Application firewalls can filter on the content of the application payload. This can include IP addresses, domain names, URLs, subprotocols, attachments, keywords, and more. An application proxy can inspect every aspect of an application’s communications. This is known as deep packet inspection. Application proxies can also perform caching services to improve performance and reduce connection throughput consumption. The primary limitation of application proxy firewalls is that each unique application will need its own dedicated application proxy. Generic proxy systems are usually ineffective.

A circuit proxy or circuit firewall focuses its filtering on the initial setup process of a session, state, or circuit. This form of filtering can focus on Layers 3–5. It functions similarly to an application proxy, as it acts as a middleman between a client and server. A circuit proxy prevents a direct connection from existing between a client and server to protect the network.

A circuit proxy makes an allow or deny decision on the initiation of the session, state, or circuit. Once a circuit is created, no further filtering takes place. If a client is allowed to initiate communications with a resource server, then the content of the communication is unfiltered and unmonitored (at least by the circuit proxy).

The filtering rules of circuit proxies are similar to those of static packet filtering in that a list of rules of IP addresses, port numbers, domain names, networks, or even resource providers determine which circuits or connections are allowed and which are not. The filter set can be a deny all/but allow exceptions stance, or an allow all/but deny exceptions stance.

Firewalls can also filter based on content.
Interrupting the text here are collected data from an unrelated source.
lemma poly_ring_diff: "p \<in> poly_ring V \<Longrightarrow> q \<in> poly_ring V \<Longrightarrow> p - q \<in> poly_ring V"
  by (metis diff_conv_add_uminus poly_ring_add poly_ring_uminus)

lemma zero_in_poly_ring [simp]: "0 \<in> poly_ring V"
  and one_in_poly_ring [simp]: "1 \<in> poly_ring V"
  and const_in_poly_ring [simp]: "single 0 k \<in> poly_ring V"
  by (simp_all add: poly_ring_iff)

lemma poly_ring_power: "p \<in> poly_ring V \<Longrightarrow> p ^ n \<in> poly_ring V"
  by (induction n) (simp_all add: poly_ring_mult)

lemma mono_poly_in_poly_ring: "m \<in> exps V \<Longrightarrow> (mono_poly m :: ('k::field) mpoly) \<in> poly_ring V"
  by (simp add: poly_ring_iff)

lemma is_ideal_in_poly_ring: "is_ideal_in (poly_ring V) (poly_ring V)"
  by (simp add: is_ideal_in_def poly_ring_add poly_ring_mult)

lemma ideal_add: "is_ideal_in R I \<Longrightarrow> a \<in> I \<Longrightarrow> b \<in> I \<Longrightarrow> a + b \<in> I"
  and ideal_zero: "is_ideal_in R I \<Longrightarrow> 0 \<in> I"
  and ideal_mult_left: "is_ideal_in R I \<Longrightarrow> r \<in> R \<Longrightarrow> a \<in> I \<Longrightarrow> r * a \<in> I"
  and ideal_subset: "is_ideal_in R I \<Longrightarrow> I \<subseteq> R"
  by (simp_all add: is_ideal_in_def)

lemma ideal_mult_right: "is_ideal_in R I \<Longrightarrow> r \<in> R \<Longrightarrow> a \<in> I \<Longrightarrow> a * r \<in> I"
  by (metis ideal_mult_left mult.commute)

lemma ideal_diff:
  assumes "is_ideal_in (poly_ring V) I" "a \<in> I" "b \<in> I"
  shows "a - b \<in> I"
proof -
  have "(-1) * b \<in> I"
    using assms poly_ring_uminus[OF one_in_poly_ring] by (blast intro: ideal_mult_left)
  from ideal_add[OF assms(1,2) this] show ?thesis by simp
qed

lemma ideal_sum: "is_ideal_in R I \<Longrightarrow> (\<And>x. x \<in> A \<Longrightarrow> f x \<in> I) \<Longrightarrow> sum f A \<in> I"
  by (induction A rule: infinite_finite_induct) (simp_all add: ideal_add ideal_zero)

lemma ideal_gen_least: "is_ideal_in R J \<Longrightarrow> S \<subseteq> J \<Longrightarrow> ideal_gen R S \<subseteq> J"
  unfolding ideal_gen_def by blast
The firewall can intercept specific content in a packet leaving the network before it reaches the outside. This could result in the packet being discarded, an entire connection dropped, or the packet edited to remove the blocked content and replace it with something else. Content filtering can focus on domain name, URL, filename, file extension, or some other form of keyword. Content filtering is often a feature of application proxy firewalls, stateful inspection firewalls, and dynamic packet-filtering firewalls.